**Exercise**
Lines before the one containing "obtain s' t'" are left out; output the rest of the data exactly, through the final line.

**Records shown**
lemma normal_mod_ac_subterm: "subterm u s \<Longrightarrow> normal_mod_ac acs R s \<Longrightarrow> normal_mod_ac acs R u"
proof (induction rule: subterm.induct)
  case (st_fn M Ms s g)
  then obtain xs ys where "Ms = xs @ M # ys" by (meson split_list)
  with st_fn show ?case
    using normal_mod_ac_ctx[where F="\<lambda>x. Fn g (xs @ x # ys)"] by (metis ac_fn rs_fn)
next
  case st_pub then show ?case using normal_mod_ac_ctx[where F=Pub] by (metis ac_pub rs_pub)
next
  case (st_sign1 s M N) then show ?case
    using normal_mod_ac_ctx[where F="\<lambda>x. Sign x N"] by (metis ac_sign ac_refl rs_sign1)
next
  case (st_sign2 s N M) then show ?case
    using normal_mod_ac_ctx[where F="Sign M"] by (metis ac_sign ac_refl rs_sign2)
next
  case (st_blind1 s M N) then show ?case
    using normal_mod_ac_ctx[where F="\<lambda>x. Blind x N"] by (metis ac_blind ac_refl rs_blind1)
next
  case (st_blind2 s N M) then show ?case
    using normal_mod_ac_ctx[where F="Blind M"] by (metis ac_blind ac_refl rs_blind2)
next
  case (st_pair1 s M N) then show ?case
    using normal_mod_ac_ctx[where F="\<lambda>x. Pair x N"] by (metis ac_pair ac_refl rs_pair1)
next
  case (st_pair2 s N M) then show ?case
    using normal_mod_ac_ctx[where F="Pair M"] by (metis ac_pair ac_refl rs_pair2)
next
  case (st_enc1 s M N) then show ?case
    using normal_mod_ac_ctx[where F="\<lambda>x. Enc x N"] by (metis ac_enc ac_refl rs_enc1)
next
  case (st_enc2 s N M) then show ?case
    using normal_mod_ac_ctx[where F="Enc M"] by (metis ac_enc ac_refl rs_enc2)
qed simp

definition wf_nf :: "('f \<Rightarrow> nat) \<Rightarrow> 'f set \<Rightarrow> ('f pat \<times> 'f pat) set \<Rightarrow> 'f trm \<Rightarrow> bool" where
  "wf_nf ar acs R t \<longleftrightarrow> trm_wf ar t \<and> normal_mod_ac acs R t"

lemma wf_nf_subterm: "wf_nf ar acs R t \<Longrightarrow> subterm u t \<Longrightarrow> wf_nf ar acs R u"
  unfolding wf_nf_def using normal_mod_ac_subterm subterm_trm_wf by blast

lemma wf_nf_aceq: "wf_nf ar acs R s \<Longrightarrow> aceq acs s t \<Longrightarrow> wf_nf ar acs R t"
  unfolding wf_nf_def using aceq_trm_wf normal_mod_ac_aceq by blast

lemma wf_nf_argsD:
  "wf_nf ar acs R (Pub a) \<Longrightarrow> wf_nf ar acs R a"
  "wf_nf ar acs R (Sign a b) \<Longrightarrow> wf_nf ar acs R a \<and> wf_nf ar acs R b"
  "wf_nf ar acs R (Blind a b) \<Longrightarrow> wf_nf ar acs R a \<and> wf_nf ar acs R b"
  "wf_nf ar acs R (Pair a b) \<Longrightarrow> wf_nf ar acs R a \<and> wf_nf ar acs R b"
  "wf_nf ar acs R (Enc a b) \<Longrightarrow> wf_nf ar acs R a \<and> wf_nf ar acs R b"
  by (meson wf_nf_subterm st_refl subterm.intros)+

lemma is_seq_iff: "is_seq ar acs R \<Gamma> M \<longleftrightarrow> finite \<Gamma> \<and> wf_nf ar acs R M \<and> (\<forall>N\<in>\<Gamma>. wf_nf ar acs R N)"
  unfolding is_seq_def wf_nf_def by auto

lemma is_seq_insert [simp]:
  "is_seq ar acs R (insert A \<Gamma>) T \<longleftrightarrow> wf_nf ar acs R A \<and> is_seq ar acs R \<Gamma> T"
  by (auto simp: is_seq_iff)

lemma is_seq_concl: "is_seq ar acs R \<Gamma> T \<Longrightarrow> wf_nf ar acs R M \<Longrightarrow> is_seq ar acs R \<Gamma> M"
  by (simp add: is_seq_iff)

lemma is_seq_memD: "is_seq ar acs R \<Gamma> T \<Longrightarrow> X \<in> \<Gamma> \<Longrightarrow> wf_nf ar acs R X"
  by (simp add: is_seq_iff)

section \<open>Convertibility and the E-closure\<close>

lemma conv_refl: "conv acs R s s"
  unfolding conv_def by simp

lemma conv_trans: "conv acs R s t \<Longrightarrow> conv acs R t u \<Longrightarrow> conv acs R s u"
  unfolding conv_def by simp

lemma conv_sym: "conv acs R s t \<Longrightarrow> conv acs R t s"
  unfolding conv_def by (rule sympD[OF symp_rtranclp]) (auto intro: sympI aceq.ac_sym)

lemma aceq_conv: "aceq acs s t \<Longrightarrow> conv acs R s t"
  unfolding conv_def by auto

lemma rstep_conv: "rstep R s t \<Longrightarrow> conv acs R s t"
  unfolding conv_def by auto

lemma conv_Fn_arg: "conv acs R s t \<Longrightarrow> conv acs R (Fn g (xs @ s # ys)) (Fn g (xs @ t # ys))"
  unfolding conv_def
proof (induction rule: rtranclp_induct)
  case (step y z)
  then show ?case by (auto intro: rtranclp.rtrancl_into_rtrancl rs_fn ac_fn)
qed simp

lemma conv_Fn_args:
  "list_all2 (conv acs R) xs ys \<Longrightarrow> conv acs R (Fn g (pre @ xs)) (Fn g (pre @ ys))"
proof (induction xs ys arbitrary: pre rule: list_all2_induct)
  case (Cons x xs y ys)
  have "conv acs R (Fn g (pre @ x # xs)) (Fn g (pre @ y # xs))" using Cons(1) by (rule conv_Fn_arg)
  moreover have "conv acs R (Fn g ((pre @ [y]) @ xs)) (Fn g ((pre @ [y]) @ ys))" using Cons(3) .
  ultimately show ?case by (simp add: conv_trans)
qed (simp add: conv_refl)

lemma conv_inst: "(\<And>i. i \<in> pvars C \<Longrightarrow> conv acs R (\<sigma> i) (\<sigma>' i)) \<Longrightarrow> conv acs R (inst C \<sigma>) (inst C \<sigma>')"
proof (induction C)
  case (PF g ps)
  have "list_all2 (conv acs R) (map (\<lambda>p. inst p \<sigma>) ps) (map (\<lambda>p. inst p \<sigma>') ps)"
    using PF by (auto simp: list_all2_map1 list_all2_map2 list_all2_same)
  then show ?case using conv_Fn_args[where pre="[]"] by simp
qed simp

lemma conv_normal_reduces_to:
  assumes "confluent_mod_ac acs R" and "conv acs R s t" and "normal_mod_ac acs R s"
  obtains t' where "(rstep_ac acs R)\<^sup>*\<^sup>* t t'" and "aceq acs s t'"
proof -
  obtain s' t' where "(rstep_ac acs R)\<^sup>*\<^sup>* s s'" "(rstep_ac acs R)\<^sup>*\<^sup>* t t'" "aceq acs s' t'"
    using assms(1,2) unfolding confluent_mod_ac_def by blast
  with assms(3) show ?thesis using normal_mod_ac_rtranclp that by blast
qed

**Result for this task**
  obtain s' t' where "(rstep_ac acs R)\<^sup>*\<^sup>* s s'" "(rstep_ac acs R)\<^sup>*\<^sup>* t t'" "aceq acs s' t'"
    using assms(1,2) unfolding confluent_mod_ac_def by blast
  with assms(3) show ?thesis using normal_mod_ac_rtranclp that by blast
qed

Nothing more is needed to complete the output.